Planning of multi‐step actions based on the retrieval of acquired information is essential for efficient foraging. The hippocampus (HPC) and prefrontal cortex (PFC) may play critical roles in this process. However, in rodents, many studies investigating such roles utilized T‐maze tasks that only require one‐step actions (i.e., selection of one of two alternatives), in which memory retrieval and selection of an action based on the retrieval cannot be clearly differentiated. In monkeys, PFC has been suggested to be involved in planning of multi‐step actions; however, the synchrony between HPC and PFC has not been evaluated.
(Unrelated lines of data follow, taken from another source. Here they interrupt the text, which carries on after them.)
text \<open>The weight \<open>exp ((1 + L) t)\<close> absorbs the term \<open>-u\<close> of the equation and leaves the reaction term
  \<open>L (P - Q) + f P - f Q\<close>, which is nonnegative where the gap \<open>P - Q\<close> is.\<close>

lemma weighted_gap_derivative_lower_bound:
  assumes "0 < s" "x \<in> R" "0 \<le> N"
    and below: "\<And>y. y \<in> R \<Longrightarrow> - N \<le> exp ((1 + L) * s) * (u s (2 * m - y) - u s y)"
  shows "\<exists>l. ((\<lambda>r. exp ((1 + L) * r) * (u r (2 * m - x) - u r x)) has_real_derivative l) (at s)
           \<and> - (1 + 2 * L) * N \<le> l"
proof -
  define E where "E = exp ((1 + L) * s)"
  define P where "P = u s (2 * m - x)"
  define Q where "Q = u s x"
  define J where "J = integral UNIV (\<lambda>y. k (x - y) * u s y)"
  define J' where "J' = integral UNIV (\<lambda>y. k (2 * m - x - y) * u s y)"
  have "E > 0"
    unfolding E_def by simp
  have d': "((\<lambda>r. u r (2 * m - x)) has_real_derivative J' - P + f P) (at s)"
    and d: "((\<lambda>r. u r x) has_real_derivative J - Q + f Q) (at s)"
    using solution_has_derivative[OF \<open>0 < s\<close>] unfolding J_def J'_def P_def Q_def by auto
  have "((\<lambda>r. exp ((1 + L) * r) * (u r (2 * m - x) - u r x)) has_real_derivative
      exp ((1 + L) * s) * (1 + L) * (u s (2 * m - x) - u s x)
        + exp ((1 + L) * s) * ((J' - P + f P) - (J - Q + f Q))) (at s)"
    by (auto intro!: derivative_eq_intros d' d)
  then have deriv: "((\<lambda>r. exp ((1 + L) * r) * (u r (2 * m - x) - u r x)) has_real_derivative
      E * (J' - J) + E * (L * (P - Q) + f P - f Q)) (at s)"
    by (rule DERIV_cong) (simp add: E_def P_def Q_def algebra_simps)
  have "- (N / E) \<le> J' - J"
    unfolding J_def J'_def
  proof (rule convolution_reflection_lower_bound[OF k_nonneg k_int k_sym same_side covers])
    fix y
    assume "y \<in> R"
    then show "- (N / E) \<le> u s (2 * m - y) - u s y"
      using below \<open>E > 0\<close> unfolding E_def by (simp add: field_simps)
  qed (use \<open>0 \<le> N\<close> \<open>E > 0\<close> \<open>x \<in> R\<close> solution_integrable[OF \<open>0 < s\<close>] in auto)
  then have convolution: "- N \<le> E * (J' - J)"
    using \<open>E > 0\<close> by (simp add: field_simps)
  have lip: "\<bar>f P - f Q\<bar> \<le> L * \<bar>P - Q\<bar>"
    using lipschitz_onD[OF f_lip] solution_range \<open>0 < s\<close> unfolding P_def Q_def dist_real_def
    by (simp add: less_imp_le)
  have "0 \<le> L"
    using lipschitz_on_nonneg[OF f_lip] .
  have reaction: "- (2 * L) * N \<le> E * (L * (P - Q) + f P - f Q)"
  proof (cases "Q \<le> P")
    case True
    then have "0 \<le> E * (L * (P - Q) + f P - f Q)"
      using lip \<open>E > 0\<close> by (simp add: abs_le_iff)
    moreover have "- (2 * L) * N \<le> 0"
      using \<open>0 \<le> L\<close> \<open>0 \<le> N\<close> by simp
    ultimately show ?thesis
      by linarith
  next
    case False
    then have "E * (2 * L * (P - Q)) \<le> E * (L * (P - Q) + f P - f Q)"
      using lip \<open>E > 0\<close> by (intro mult_left_mono) (auto simp: abs_le_iff algebra_simps)
    moreover have "2 * L * - N \<le> 2 * L * (E * (P - Q))"
      using below[OF \<open>x \<in> R\<close>] \<open>0 \<le> L\<close> unfolding E_def P_def Q_def by (intro mult_left_mono) auto
    ultimately show ?thesis
      by (simp add: algebra_simps)
  qed
  show ?thesis
    using deriv convolution reaction
    by (intro exI[of _ "E * (J' - J) + E * (L * (P - Q) + f P - f Q)"]) (simp add: algebra_simps)
qed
To address the combined role of the regions in planning of multi‐step actions, we introduced a task in rats that required three successive nose‐poke responses to three sequentially illuminated nose‐poke holes. During the task, local field potentials (LFP) and spikes from hippocampal CA1 and medial PFC (mPFC) were simultaneously recorded. The position of the first hole indicated whether the following two holes would be presented in a predictable sequence or not. During the first nose‐poke period, phase synchrony of LFPs in the theta range (4–10 Hz) between the regions was not different between predictable and unpredictable trials. However, only in trials of predictable sequences, the magnitude of theta phase synchrony during the first nose‐poke period was negatively correlated with latency of the two‐step ahead nose‐poke response. Our findings point to the HPC‐mPFC theta phase synchrony as a key mechanism underlying planning of multi‐step actions based on memory retrieval rather than the retrieval itself.